At the time of analysis, 47 patients were at 6 months, 28 at 12 months, and 6 patients at 18 months from transplant. Mean follow-up was 12.53 months (range, 6 to 23). Mean serum creatinine was 1.47 +/- 0.65 mg/dL at 3 months, 1.56 +/- 0.84 at 6 months, 1.45 +/- 0.37 at 12 months, and 1.74 +/- 0.35 at 18 months. The 1-year clinical acute rejection rate was 21% (6/28), occurring at 0 to 3 months in 2 (33%), 4 to 6 months in 1 (17%), and >6 months in 3 patients (50%). Biopsy-proven acute rejection was 14% (4/28). The episodes were classified as borderline in one, Banff 2A in two, and Banff 3 in one patients. One patient had both acute cellular and acute humoral rejection; half responded to steroid pulse therapy. The 1-year patient survival rate was 90%. The 1-year death-censored graft survival rate was 98%.

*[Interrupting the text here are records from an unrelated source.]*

text \<open>Isomorphism of k-algebras D(q) \<cong> D(p): a ring isomorphism of the quotient
  rings which is k-linear (scalars act on cosets via representatives).\<close>
definition D_alg_iso :: "'k::field \<Rightarrow> 'k \<Rightarrow> bool" where
  "D_alg_iso q p \<longleftrightarrow> (\<exists>\<phi>. \<phi> \<in> ring_iso (D_alg q) (D_alg p) \<and>
     (\<forall>c f g. f \<in> carrier path_alg \<longrightarrow> g \<in> carrier path_alg \<longrightarrow>
        \<phi> (D_ideal q +>\<^bsub>path_alg\<^esub> f) = D_ideal p +>\<^bsub>path_alg\<^esub> g \<longrightarrow>
        \<phi> (D_ideal q +>\<^bsub>path_alg\<^esub> pa_smult c f) = D_ideal p +>\<^bsub>path_alg\<^esub> pa_smult c g))"

end

(*
  An isomorphism D(q) -> D(p) preserves the arrow ideal J and its square: an arrow x satisfies
  e_{src x} x = x and x e_{src x} = 0, so its image has no vertex component, and every element
  of J is a sum of products f x with x an arrow.  Hence it permutes the two vertex idempotents
  and induces an invertible change of arrows on J/J^2, which must carry the relations
  ab - ad - cd and ba - q dc into the span of the relations of D(p).  Comparing the determinants
  of the 2x2 coefficient matrices, and the mixed term of the pencil they span, yields
  p (q + 1)^2 = q (p + 1)^2, i.e. p = q or p q = 1.  Conversely, for p = q^-1 the
  vertex-swapping change of arrows a -> (q - 1) b + d, c -> b, b -> - a - c,
  d -> - a + (q^-1 - 1) c maps the relations of D(q) onto those of D(q^-1).
*)

theory Submission
  imports Defs
begin

lemma sum_triangle_swap:
  fixes F :: "nat \<Rightarrow> nat \<Rightarrow> 'a::comm_monoid_add"
  shows "(\<Sum>k\<le>n. \<Sum>j\<le>k. F j k) = (\<Sum>j\<le>n. \<Sum>i\<le>n - j. F j (j + i))"
proof (induction n)
  case 0
  then show ?case by simp
next
  case (Suc n)
  have "(\<Sum>j\<le>n. \<Sum>i\<le>Suc n - j. F j (j + i)) = (\<Sum>j\<le>n. (\<Sum>i\<le>n - j. F j (j + i)) + F j (Suc n))"
    by (rule sum.cong) (auto simp: Suc_diff_le)
  then show ?case
    using Suc by (simp add: sum.distrib add.assoc)
qed

lemma drop_eq_singleton_iff:
  assumes "k \<le> length zs"
  shows "drop k zs = [x] \<longleftrightarrow> zs \<noteq> [] \<and> k = length zs - 1 \<and> last zs = x"
proof
  assume h: "drop k zs = [x]"
  then have "length (drop k zs) = 1"
    by simp
  then have "length zs - k = 1"
    by simp
  moreover have "zs = take k zs @ [x]"
    using h append_take_drop_id[of k zs] by simp
  then have "last zs = x"
    by (metis last_snoc)
  ultimately show "zs \<noteq> [] \<and> k = length zs - 1 \<and> last zs = x"
    by auto
next
  assume h: "zs \<noteq> [] \<and> k = length zs - 1 \<and> last zs = x"
  then have "zs \<noteq> []"
    by simp
  then have zs: "zs = butlast zs @ [last zs]"
    by simp
  have "drop (length (butlast zs)) (butlast zs @ [last zs]) = [last zs]"
    by simp
  then show "drop k zs = [x]"
    using h zs by (metis length_butlast)
qed

lemma finite_lists_length_UNIV:
  "finite (UNIV :: 'a set) \<Longrightarrow> finite {xs :: 'a list. length xs = n}"
  using finite_lists_length_eq[of "UNIV :: 'a set" n] by simp

lemma sum_lists_length_Suc:
  assumes "finite (UNIV :: 'a set)"
  shows "(\<Sum>xs | length xs = Suc n. F xs) = (\<Sum>x\<in>UNIV. \<Sum>xs | length xs = n. F (x # (xs :: 'a list)))"
proof -
  have "{xs :: 'a list. length xs = Suc n} = (\<lambda>(x, xs). x # xs) ` (UNIV \<times> {xs. length xs = n})"
    by (auto simp: length_Suc_conv)
  moreover have "inj_on (\<lambda>(x, xs). x # xs) (UNIV \<times> {xs :: 'a list. length xs = n})"
    by (auto simp: inj_on_def)
  ultimately show ?thesis
    using assms by (simp add: sum.reindex sum.cartesian_product finite_lists_length_UNIV prod.case_distrib)
qed

lemma sum_lists_length_append:
  assumes "finite (UNIV :: 'a set)" "k \<le> n"
  shows "(\<Sum>xs | length xs = n. F xs) =
    (\<Sum>us | length us = k. \<Sum>vs | length vs = n - k. F (us @ (vs :: 'a list)))"
proof -
  have "{xs :: 'a list. length xs = n} =
      (\<lambda>(us, vs). us @ vs) ` ({us. length us = k} \<times> {vs. length vs = n - k})"
    using assms(2) by (auto intro!: image_eqI[where x = "(take k xs, drop k xs)" for xs])
  moreover have "inj_on (\<lambda>(us, vs). us @ vs) ({us :: 'a list. length us = k} \<times> {vs. length vs = n - k})"
    by (auto simp: inj_on_def)
  ultimately show ?thesis
    using assms(1) by (simp add: sum.reindex sum.cartesian_product finite_lists_length_UNIV prod.case_distrib)
qed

Alemtuzumab induction with tacrolimus monotherapy is an acceptable option in standard risk patients. BPAR was 14%, but renal function remained satisfactory at 18 months posttransplant.
阿仑单抗越来越多地被用作肾移植的诱导治疗药物,以尽量减少免疫抑制。本研究探讨了在标准风险的初次肾移植患者中,阿仑单抗诱导治疗后采用低剂量他克莫司单一疗法的疗效。

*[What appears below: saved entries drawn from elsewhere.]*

lemma val_gap_one_upow: "val_gap v 1 (upow p \<gamma>) = - ereal_of_enat \<gamma>"
  by (cases \<gamma>) (simp_all add: val_gap_def upow_def val_uniformiser_power val_one uniformiser_nonzero)

lemma row_equiv_zero_one: "d \<noteq> 0 \<Longrightarrow> row_equiv v 0 d 0 1"
  unfolding row_equiv_def by (intro exI[of _ "1 / d"] exI[of _ 1]) (simp add: is_unit_val_one)

lemma row_equiv_power_one:
  assumes "c \<noteq> 0" "d \<noteq> 0" "v d \<le> v c"
  shows "row_equiv v c d (p ^ nat (v c - v d)) 1"
proof -
  define u where "u = p ^ nat (v c - v d) * d / c"
  have "v u = 0"
    using assms unfolding u_def
    by (simp add: val_divide val_mult uniformiser_nonzero val_uniformiser_power)
  then have "is_unit_val v u"
    using assms uniformiser_nonzero by (simp add: is_unit_val_def u_def)
  then show ?thesis
    unfolding row_equiv_def using assms is_unit_val_one
    by (intro exI[of _ "1 / d"] exI[of _ u] exI[of _ 1]) (simp add: u_def)
qed

lemma row_equiv_representative:
  assumes "c \<noteq> 0 \<or> d \<noteq> 0"
  shows "(\<exists>\<gamma>. row_equiv v c d (upow p \<gamma>) 1) \<or> (\<exists>\<gamma>\<ge>1. row_equiv v c d 1 (upow p \<gamma>))"
proof -
  consider "c = 0" | "d = 0" | "c \<noteq> 0" "d \<noteq> 0" "v d \<le> v c" | "c \<noteq> 0" "d \<noteq> 0" "v c < v d"
    by linarith
  then show ?thesis
  proof cases
    case 1
    then have "row_equiv v c d (upow p \<infinity>) 1"
      using assms row_equiv_zero_one by (simp add: upow_def)
    then show ?thesis by blast
  next
    case 2
    then have "row_equiv v c d 1 (upow p \<infinity>)"
      using assms row_equiv_swap[OF row_equiv_zero_one] by (simp add: upow_def)
    then show ?thesis by auto
  next
    case 3
    then have "row_equiv v c d (upow p (enat (nat (v c - v d)))) 1"
      using row_equiv_power_one by (simp add: upow_def)
    then show ?thesis by blast
  next
    case 4
    then have "row_equiv v c d 1 (upow p (enat (nat (v d - v c))))"
      using row_equiv_swap[OF row_equiv_power_one] by (simp add: upow_def)
    moreover have "1 \<le> enat (nat (v d - v c))"
      using 4 by (simp add: one_enat_def)
    ultimately show ?thesis by blast
  qed
qed

lemma row_equiv_of_mem_orbit:
  assumes "C \<in> orbit v (Ncoset g)" "r \<in> C"
  shows "row_equiv v (g$2$1) (g$2$2) (r$2$1) (r$2$2)"
proof -
  obtain a k where ak: "C = act a k (Ncoset g)" "a \<in> Asub" "k \<in> KAsub v"
    using assms(1) unfolding orbit_def by blast
  obtain \<alpha> \<beta> where a: "a = mat2 \<alpha> 0 0 \<beta>" "\<beta> \<noteq> 0"
    using ak(2) unfolding Asub_def by auto
  obtain u w where k: "k = mat2 u 0 0 w" "is_unit_val v u" "is_unit_val v w"
    using ak(3) unfolding KAsub_def by auto
  have "matrix_inv k = mat2 (1 / u) 0 0 (1 / w)"
    using k by (simp add: is_unit_val_def matrix_inv_diag)
  moreover have "C = Ncoset (a ** g ** matrix_inv k)"
    using ak by (simp add: act_Ncoset)
  ultimately have "r \<in> Ncoset (mat2 \<alpha> 0 0 \<beta> ** g ** mat2 (1 / u) 0 0 (1 / w))"
    using assms(2) a(1) by simp
  then have "r$2$1 = \<beta> * g$2$1 * (1 / u)" "r$2$2 = \<beta> * g$2$2 * (1 / w)"
    by (auto dest!: mem_Ncoset_row2 simp: diag_mult_mult_diag)
  then show ?thesis
    unfolding row_equiv_def using a(2) k(2,3) is_unit_val_inverse by blast
qed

对初次接受标准风险肾移植的受者进行回顾性队列研究,给予阿仑单抗诱导治疗和低剂量他克莫司维持免疫抑制(前6个月目标谷浓度为7至10 ng/mL,此后为5至7 ng/mL)。在第1周以及第3、6、12和18个月记录血清肌酐值、急性排斥反应发作情况和移植物存活情况。
在分析时,47例患者移植后6个月,28例患者移植后12个月,6例患者移植后18个月。平均随访时间为12.53个月(范围6至23个月)。3个月时平均血清肌酐为1.47±0.65 mg/dL,6个月时为1.56±0.84,12个月时为1.45±0.37,18个月时为1.74±0.35。1年临床急性排斥反应发生率为21%(6/28),其中2例(33%)发生在0至3个月,1例(17%)发生在4至6个月,3例(50%)发生在>6个月。经活检证实的急性排斥反应为14%(4/28)。这些发作在1例患者中分类为临界,2例患者中为Banff 2A,1例患者中为Banff 3。1例患者同时发生急性细胞性和急性体液性排斥反应;半数患者对类固醇冲击疗法有反应。1年患者存活率为90%。1年死亡审查移植物存活率为98%。
阿仑单抗诱导联合他克莫司单一疗法在标准风险患者中是一种可接受的选择。活检证实的急性排斥反应为14%,但移植后18个月肾功能仍令人满意。